▶ _EXERCISE DIRECTIONS_
In full and without change, return each entry.

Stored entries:

(* The maximally entangled projector is psd: its quadratic form is a squared modulus. *)
lemma psd_max_entangled: "psd (d*d) (max_entangled d)"
  unfolding psd_iff_quad_form
proof (intro conjI allI)
  show "max_entangled d \<in> carrier_mat (d*d) (d*d)" by (simp add: max_entangled_def)
  fix v :: "nat \<Rightarrow> complex"
  define S where "S = (\<Sum>r<d*d. if r div d = r mod d then v r else 0)"
  have "quad_form (d*d) (max_entangled d) v = cnj S * S"
    unfolding quad_form_def S_def cnj_sum sum_product
    by (intro sum.cong refl) (auto simp: max_entangled_def)
  also have "\<dots> = of_real ((cmod S)\<^sup>2)" by (subst complex_norm_square) (rule mult.commute)
  finally show "\<exists>r::real. r \<ge> 0 \<and> quad_form (d*d) (max_entangled d) v = of_real r"
    by (intro exI[of _ "(cmod S)\<^sup>2"]) simp
qed

lemma choi_mat_entry:
  assumes "r < d * d" "s < d * d"
  shows "choi_mat d T $$ (r, s) = map_entry d T (r mod d) (s mod d) (r div d) (s div d)"
proof -
  have "mat d d (\<lambda>(i, j). max_entangled d $$ (i*d + r mod d, j*d + s mod d)) = unit_mat d (r mod d) (s mod d)"
    using index_decompose[OF assms(1)] index_decompose[OF assms(2)]
    by (intro eq_matI) (auto simp: max_entangled_def unit_mat_def index_less index_div_mod)
  then show ?thesis using assms unfolding choi_mat_def tensor_id_def map_entry_def by simp
qed

lemma choi_mat_psd:
  assumes "completely_positive d T"
  shows "psd (d*d) (choi_mat d T)"
  using assms psd_max_entangled unfolding completely_positive_def choi_mat_def by blast

lemma map_entry_hermitian:
  assumes "completely_positive d T" "a < d" "b < d" "p < d" "q < d"
  shows "map_entry d T a b p q = cnj (map_entry d T b a q p)"
  using psd_hermitian[OF choi_mat_psd[OF assms(1)], of "p*d + a" "q*d + b"] assms(2-)
  by (simp add: choi_mat_entry index_less index_div_mod)

(* For a Hermiticity-preserving map, a real eigenvalue has a Hermitian eigenvector: with Y
  also its adjoint Y' is an eigenvector, hence so are the Hermitian matrices Y + Y' and i (Y - Y'),
  and they are not both zero. *)
lemma hermitian_eigen_solution:
  fixes c :: "nat \<Rightarrow> nat \<Rightarrow> nat \<Rightarrow> nat \<Rightarrow> complex" and \<mu> :: real
  assumes herm: "\<And>a b p q. a < d \<Longrightarrow> b < d \<Longrightarrow> p < d \<Longrightarrow> q < d \<Longrightarrow> c a b p q = cnj (c b a q p)"
    and eig: "\<And>p q. p < d \<Longrightarrow> q < d \<Longrightarrow> (\<Sum>i<d. \<Sum>j<d. c i j p q * Y i j) = of_real \<mu> * Y p q"
    and nonzero: "\<exists>i<d. \<exists>j<d. Y i j \<noteq> 0"
  obtains H where "\<And>p q. p < d \<Longrightarrow> q < d \<Longrightarrow> (\<Sum>i<d. \<Sum>j<d. c i j p q * H i j) = of_real \<mu> * H p q"
    and "\<And>i j. i < d \<Longrightarrow> j < d \<Longrightarrow> H i j = cnj (H j i)"
    and "\<exists>i<d. \<exists>j<d. H i j \<noteq> 0"
proof -
  define solution where "solution Z \<longleftrightarrow>
      (\<forall>p<d. \<forall>q<d. (\<Sum>i<d. \<Sum>j<d. c i j p q * Z i j) = of_real \<mu> * Z p q)" for Z
  have combination: "solution (\<lambda>i j. \<alpha> * Z i j + \<beta> * W i j)"
    if Z: "solution Z" and W: "solution W" for \<alpha> \<beta> Z W
    unfolding solution_def
  proof (intro allI impI)
    fix p q assume pq: "p < d" "q < d"
    have "(\<Sum>i<d. \<Sum>j<d. c i j p q * (\<alpha> * Z i j + \<beta> * W i j))
        = \<alpha> * (\<Sum>i<d. \<Sum>j<d. c i j p q * Z i j) + \<beta> * (\<Sum>i<d. \<Sum>j<d. c i j p q * W i j)"
      by (simp add: distrib_left sum.distrib sum_distrib_left mult.left_commute)
    also have "\<dots> = \<alpha> * (of_real \<mu> * Z p q) + \<beta> * (of_real \<mu> * W p q)"
      using Z W pq unfolding solution_def by presburger
    finally show "(\<Sum>i<d. \<Sum>j<d. c i j p q * (\<alpha> * Z i j + \<beta> * W i j))
        = of_real \<mu> * (\<alpha> * Z p q + \<beta> * W p q)"
      by (simp only: distrib_left mult.left_commute)
  qed
  have sol: "solution Y" using eig unfolding solution_def by blast
  have sol_adjoint: "solution (\<lambda>i j. cnj (Y j i))"
    unfolding solution_def
  proof (intro allI impI)
    fix p q assume pq: "p < d" "q < d"
    have "(\<Sum>i<d. \<Sum>j<d. c i j p q * cnj (Y j i)) = cnj (\<Sum>i<d. \<Sum>j<d. c j i q p * Y j i)"
      unfolding cnj_sum using pq by (intro sum.cong refl) (simp add: herm[of _ _ p q])
    also have "\<dots> = cnj (\<Sum>j<d. \<Sum>i<d. c j i q p * Y j i)" by (subst sum.swap) rule
    also have "\<dots> = of_real \<mu> * cnj (Y q p)" using eig[OF pq(2,1)] by simp
    finally show "(\<Sum>i<d. \<Sum>j<d. c i j p q * cnj (Y j i)) = of_real \<mu> * cnj (Y q p)" .
  qed
  define G where "G i j = Y i j + cnj (Y j i)" for i j
  define K where "K i j = \<i> * Y i j - \<i> * cnj (Y j i)" for i j
  have "solution (\<lambda>i j. 1 * Y i j + 1 * cnj (Y j i))" "solution (\<lambda>i j. \<i> * Y i j + - \<i> * cnj (Y j i))"
    by (rule combination[OF sol sol_adjoint])+
  moreover have "G = (\<lambda>i j. 1 * Y i j + 1 * cnj (Y j i))" "K = (\<lambda>i j. \<i> * Y i j + - \<i> * cnj (Y j i))"
    unfolding G_def K_def by (simp_all add: fun_eq_iff)
  ultimately have sol_G: "solution G" and sol_K: "solution K" by simp_all
  have herm_G: "G i j = cnj (G j i)" and herm_K: "K i j = cnj (K j i)" for i j
    unfolding G_def K_def by simp_all
  have recover: "2 * Y i j = G i j - \<i> * K i j" for i j
    unfolding G_def K_def by (simp add: algebra_simps)
  have "(\<exists>i<d. \<exists>j<d. G i j \<noteq> 0) \<or> (\<exists>i<d. \<exists>j<d. K i j \<noteq> 0)"
  proof (rule ccontr)
    assume "\<not> ?thesis"
    then have "Y i j = 0" if "i < d" "j < d" for i j
      using recover[of i j] that by auto
    with nonzero show False by blast
  qed
  then show ?thesis
  proof
    assume "\<exists>i<d. \<exists>j<d. G i j \<noteq> 0"
    with sol_G herm_G show ?thesis unfolding solution_def by (intro that[of G]) blast+
  next
    assume "\<exists>i<d. \<exists>j<d. K i j \<noteq> 0"
    with sol_K herm_K show ?thesis unfolding solution_def by (intro that[of K]) blast+
  qed
qed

▶ _SOLUTION_
(* The maximally entangled projector is psd: its quadratic form is a squared modulus. *)
lemma psd_max_entangled: "psd (d*d) (max_entangled d)"
  unfolding psd_iff_quad_form
proof (intro conjI allI)
  show "max_entangled d \<in> carrier_mat (d*d) (d*d)" by (simp add: max_entangled_def)
  fix v :: "nat \<Rightarrow> complex"
  define S where "S = (\<Sum>r<d*d. if r div d = r mod d then v r else 0)"
  have "quad_form (d*d) (max_entangled d) v = cnj S * S"
    unfolding quad_form_def S_def cnj_sum sum_product
    by (intro sum.cong refl) (auto simp: max_entangled_def)
  also have "\<dots> = of_real ((cmod S)\<^sup>2)" by (subst complex_norm_square) (rule mult.commute)
  finally show "\<exists>r::real. r \<ge> 0 \<and> quad_form (d*d) (max_entangled d) v = of_real r"
    by (intro exI[of _ "(cmod S)\<^sup>2"]) simp
qed

lemma choi_mat_entry:
  assumes "r < d * d" "s < d * d"
  shows "choi_mat d T $$ (r, s) = map_entry d T (r mod d) (s mod d) (r div d) (s div d)"
proof -
  have "mat d d (\<lambda>(i, j). max_entangled d $$ (i*d + r mod d, j*d + s mod d)) = unit_mat d (r mod d) (s mod d)"
    using index_decompose[OF assms(1)] index_decompose[OF assms(2)]
    by (intro eq_matI) (auto simp: max_entangled_def unit_mat_def index_less index_div_mod)
  then show ?thesis using assms unfolding choi_mat_def tensor_id_def map_entry_def by simp
qed

lemma choi_mat_psd:
  assumes "completely_positive d T"
  shows "psd (d*d) (choi_mat d T)"
  using assms psd_max_entangled unfolding completely_positive_def choi_mat_def by blast

lemma map_entry_hermitian:
  assumes "completely_positive d T" "a < d" "b < d" "p < d" "q < d"
  shows "map_entry d T a b p q = cnj (map_entry d T b a q p)"
  using psd_hermitian[OF choi_mat_psd[OF assms(1)], of "p*d + a" "q*d + b"] assms(2-)
  by (simp add: choi_mat_entry index_less index_div_mod)

(* For a Hermiticity-preserving map, a real eigenvalue has a Hermitian eigenvector: with Y
  also its adjoint Y' is an eigenvector, hence so are the Hermitian matrices Y + Y' and i (Y - Y'),
  and they are not both zero. *)
lemma hermitian_eigen_solution:
  fixes c :: "nat \<Rightarrow> nat \<Rightarrow> nat \<Rightarrow> nat \<Rightarrow> complex" and \<mu> :: real
  assumes herm: "\<And>a b p q. a < d \<Longrightarrow> b < d \<Longrightarrow> p < d \<Longrightarrow> q < d \<Longrightarrow> c a b p q = cnj (c b a q p)"
    and eig: "\<And>p q. p < d \<Longrightarrow> q < d \<Longrightarrow> (\<Sum>i<d. \<Sum>j<d. c i j p q * Y i j) = of_real \<mu> * Y p q"
    and nonzero: "\<exists>i<d. \<exists>j<d. Y i j \<noteq> 0"
  obtains H where "\<And>p q. p < d \<Longrightarrow> q < d \<Longrightarrow> (\<Sum>i<d. \<Sum>j<d. c i j p q * H i j) = of_real \<mu> * H p q"
    and "\<And>i j. i < d \<Longrightarrow> j < d \<Longrightarrow> H i j = cnj (H j i)"
    and "\<exists>i<d. \<exists>j<d. H i j \<noteq> 0"
proof -
  define solution where "solution Z \<longleftrightarrow>
      (\<forall>p<d. \<forall>q<d. (\<Sum>i<d. \<Sum>j<d. c i j p q * Z i j) = of_real \<mu> * Z p q)" for Z
  have combination: "solution (\<lambda>i j. \<alpha> * Z i j + \<beta> * W i j)"
    if Z: "solution Z" and W: "solution W" for \<alpha> \<beta> Z W
    unfolding solution_def
  proof (intro allI impI)
    fix p q assume pq: "p < d" "q < d"
    have "(\<Sum>i<d. \<Sum>j<d. c i j p q * (\<alpha> * Z i j + \<beta> * W i j))
        = \<alpha> * (\<Sum>i<d. \<Sum>j<d. c i j p q * Z i j) + \<beta> * (\<Sum>i<d. \<Sum>j<d. c i j p q * W i j)"
      by (simp add: distrib_left sum.distrib sum_distrib_left mult.left_commute)
    also have "\<dots> = \<alpha> * (of_real \<mu> * Z p q) + \<beta> * (of_real \<mu> * W p q)"
      using Z W pq unfolding solution_def by presburger
    finally show "(\<Sum>i<d. \<Sum>j<d. c i j p q * (\<alpha> * Z i j + \<beta> * W i j))
        = of_real \<mu> * (\<alpha> * Z p q + \<beta> * W p q)"
      by (simp only: distrib_left mult.left_commute)
  qed
  have sol: "solution Y" using eig unfolding solution_def by blast
  have sol_adjoint: "solution (\<lambda>i j. cnj (Y j i))"
    unfolding solution_def
  proof (intro allI impI)
    fix p q assume pq: "p < d" "q < d"
    have "(\<Sum>i<d. \<Sum>j<d. c i j p q * cnj (Y j i)) = cnj (\<Sum>i<d. \<Sum>j<d. c j i q p * Y j i)"
      unfolding cnj_sum using pq by (intro sum.cong refl) (simp add: herm[of _ _ p q])
    also have "\<dots> = cnj (\<Sum>j<d. \<Sum>i<d. c j i q p * Y j i)" by (subst sum.swap) rule
    also have "\<dots> = of_real \<mu> * cnj (Y q p)" using eig[OF pq(2,1)] by simp
    finally show "(\<Sum>i<d. \<Sum>j<d. c i j p q * cnj (Y j i)) = of_real \<mu> * cnj (Y q p)" .
  qed
  define G where "G i j = Y i j + cnj (Y j i)" for i j
  define K where "K i j = \<i> * Y i j - \<i> * cnj (Y j i)" for i j
  have "solution (\<lambda>i j. 1 * Y i j + 1 * cnj (Y j i))" "solution (\<lambda>i j. \<i> * Y i j + - \<i> * cnj (Y j i))"
    by (rule combination[OF sol sol_adjoint])+
  moreover have "G = (\<lambda>i j. 1 * Y i j + 1 * cnj (Y j i))" "K = (\<lambda>i j. \<i> * Y i j + - \<i> * cnj (Y j i))"
    unfolding G_def K_def by (simp_all add: fun_eq_iff)
  ultimately have sol_G: "solution G" and sol_K: "solution K" by simp_all
  have herm_G: "G i j = cnj (G j i)" and herm_K: "K i j = cnj (K j i)" for i j
    unfolding G_def K_def by simp_all
  have recover: "2 * Y i j = G i j - \<i> * K i j" for i j
    unfolding G_def K_def by (simp add: algebra_simps)
  have "(\<exists>i<d. \<exists>j<d. G i j \<noteq> 0) \<or> (\<exists>i<d. \<exists>j<d. K i j \<noteq> 0)"
  proof (rule ccontr)
    assume "\<not> ?thesis"
    then have "Y i j = 0" if "i < d" "j < d" for i j
      using recover[of i j] that by auto
    with nonzero show False by blast
  qed
  then show ?thesis
  proof
    assume "\<exists>i<d. \<exists>j<d. G i j \<noteq> 0"
    with sol_G herm_G show ?thesis unfolding solution_def by (intro that[of G]) blast+
  next
    assume "\<exists>i<d. \<exists>j<d. K i j \<noteq> 0"
    with sol_K herm_K show ?thesis unfolding solution_def by (intro that[of K]) blast+
  qed
qed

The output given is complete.